Aspiring rationalist. Trying to do my best to pay the world back for all the good it gives me.
EA Finland Executive Director starting in September 2025.
I’m curious about problems of consciousness, moral status, and technical AI safety. But currently focused on community building.
I think in general if we agree to a ballpark of “10% donations is enough to satisfice some goodness thresholds”, and also to “It would be good for social pressure to exist for everyone to do at least threshold amount of good”, I think it raises various considerations.
10% makes sense to me as a schelling point (and I think the tables that scale by income bracket are also sensible).
But if the threshold amount of good would be “Donate 10%, aim for an impactful career, become vegan” (which is what I feel the social pressure inside EA is pointing towards), I think that is already a significant ask for many people.
I think it is also important to note that some people are more motivated by trying to maximize impact and offset harm, and some people more motivated by minimizing harm and satisficing for impact. (Of course a standard total utilitarian model would output that whatever maximizes your net impact is best, but human value systems aren’t perfectly utilitarian.)
How do “donate 10%, become vegan, aim for an impactful”, and “donate 30%”, and “donate 20%, aim for an impactful career” compare in effectiveness as norms? I think this is pretty hard to estimate.

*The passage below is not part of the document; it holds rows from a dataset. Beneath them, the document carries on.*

lemma not_rado_condition_if_widget_legal:
  assumes "finite J" "J \<noteq> {}" "widget_legal scale J p"
  shows "\<not> rado_condition scale J (\<lambda>i. {fst (p i), snd (p i)})"
proof
  assume "rado_condition scale J (\<lambda>i. {fst (p i), snd (p i)})"
  then have "\<exists>f. (\<forall>i\<in>J. f i \<in> {fst (p i), snd (p i)}) \<and> card J \<le> dim (f ` J)"
    by (intro rado_transversal[OF assms(1)]) auto
  then obtain f where f: "\<forall>i\<in>J. f i \<in> {fst (p i), snd (p i)}" "card J \<le> dim (f ` J)"
    by blast
  have "dim (f ` J) \<le> card J - 1"
    using assms(3) transversal_in_widget_sections[OF f(1)] unfolding widget_legal_def by blast
  moreover have "card J > 0"
    using assms(1,2) by (simp add: card_gt_0_iff)
  ultimately show False
    using f(2) by linarith
qed

lemma has_legal_subwidget_if_widget_valid:
  assumes "finite J" "J \<noteq> {}" "widget_valid scale J p"
  shows "has_legal_subwidget scale J p"
proof -
  have "\<not> rado_condition scale J (\<lambda>i. {fst (p i), snd (p i)})"
    using not_rado_condition_if_widget_legal[OF assms(1,2)] assms(3)
    unfolding widget_valid_def by blast
  then obtain K where K: "K \<subseteq> J" "dim (\<Union>i\<in>K. {fst (p i), snd (p i)}) < card K"
    unfolding rado_condition_def by (auto simp: not_le)
  have points: "(\<Union>i\<in>K. {fst (p i), snd (p i)}) = fst ` p ` K \<union> snd ` p ` K"
    by auto
  have "K \<noteq> J"
  proof
    assume "K = J"
    then show False
      using K(2) assms(3) unfolding points widget_valid_def widget_full_def by simp
  qed
  then have "card K < card J"
    using K(1) assms(1) by (intro psubset_card_mono) auto
  moreover have "widget_legal scale K p"
    using K(2) unfolding points
    by (intro widget_legal_if_dim_points_less finite_subset[OF K(1) assms(1)])
  moreover have "1 \<le> card K"
    using K(2) by linarith
  ultimately show ?thesis
    using K(1) unfolding has_legal_subwidget_def by blast
qed

text \<open>A section of the big widget splits into its part over K, of rank at most
  |K| - 1 by legality of the subwidget, and at most |J| - |K| further points.\<close>
lemma widget_legal_if_has_legal_subwidget:
  assumes "finite J" "has_legal_subwidget scale J p"
  shows "widget_legal scale J p"
  unfolding widget_legal_def
proof
  obtain K where K: "K \<subseteq> J" "1 \<le> card K" "widget_legal scale K p"
    using assms(2) unfolding has_legal_subwidget_def by blast
  fix S assume "S \<in> widget_sections J p"
  then obtain I s where S: "S = (\<lambda>i. pt (p i) (s i)) ` I" "I \<subseteq> J"
    unfolding widget_sections_def by blast
  define g where "g i = pt (p i) (s i)" for i
  have finI: "finite I"
    using S(2) assms(1) finite_subset by blast
  have "g ` (I \<inter> K) \<in> widget_sections K p"
    unfolding widget_sections_def g_def by blast
  then have inside: "dim (g ` (I \<inter> K)) \<le> card K - 1"
    using K(3) unfolding widget_legal_def by blast
  have "dim (g ` (I - K)) \<le> card (g ` (I - K))"
    using finI by (intro dim_le_card) (auto intro: span_base)
  also have "\<dots> \<le> card (I - K)"
    using finI by (intro card_image_le) auto
  also have "\<dots> \<le> card (J - K)"
    using S(2) assms(1) by (intro card_mono) auto
  also have "\<dots> = card J - card K"
    using K(1) assms(1) by (simp add: card_Diff_subset finite_subset)
  finally have outside: "dim (g ` (I - K)) \<le> card J - card K" .
  have "S = g ` (I \<inter> K) \<union> g ` (I - K)"
    using S(1) unfolding g_def by blast
  then have "dim S \<le> dim (g ` (I \<inter> K)) + dim (g ` (I - K))"
    using dim_Un_Int_le[of "g ` (I \<inter> K)" "g ` (I - K)"] finI by simp
  moreover have "card K \<le> card J"
    using K(1) assms(1) by (rule card_mono[rotated])
  ultimately show "dim S \<le> card J - 1"
    using inside outside K(2) by linarith
qed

What kind of social pressure are you pointing here? Is it more in the direction of “donate 30%” or “donate as much as you can and aim for an impactful career?” Or do you mean social pressure in the wider society, and not within the EA community?
(Fwiw I think people underestimate the value of effective marginal spending on themselves, when considering areas of spending where there is space for significant extra value (Like purchasing more free time.). People plausibly overestimate the value on some other things, especially if one doesn’t do spending introspectiont.)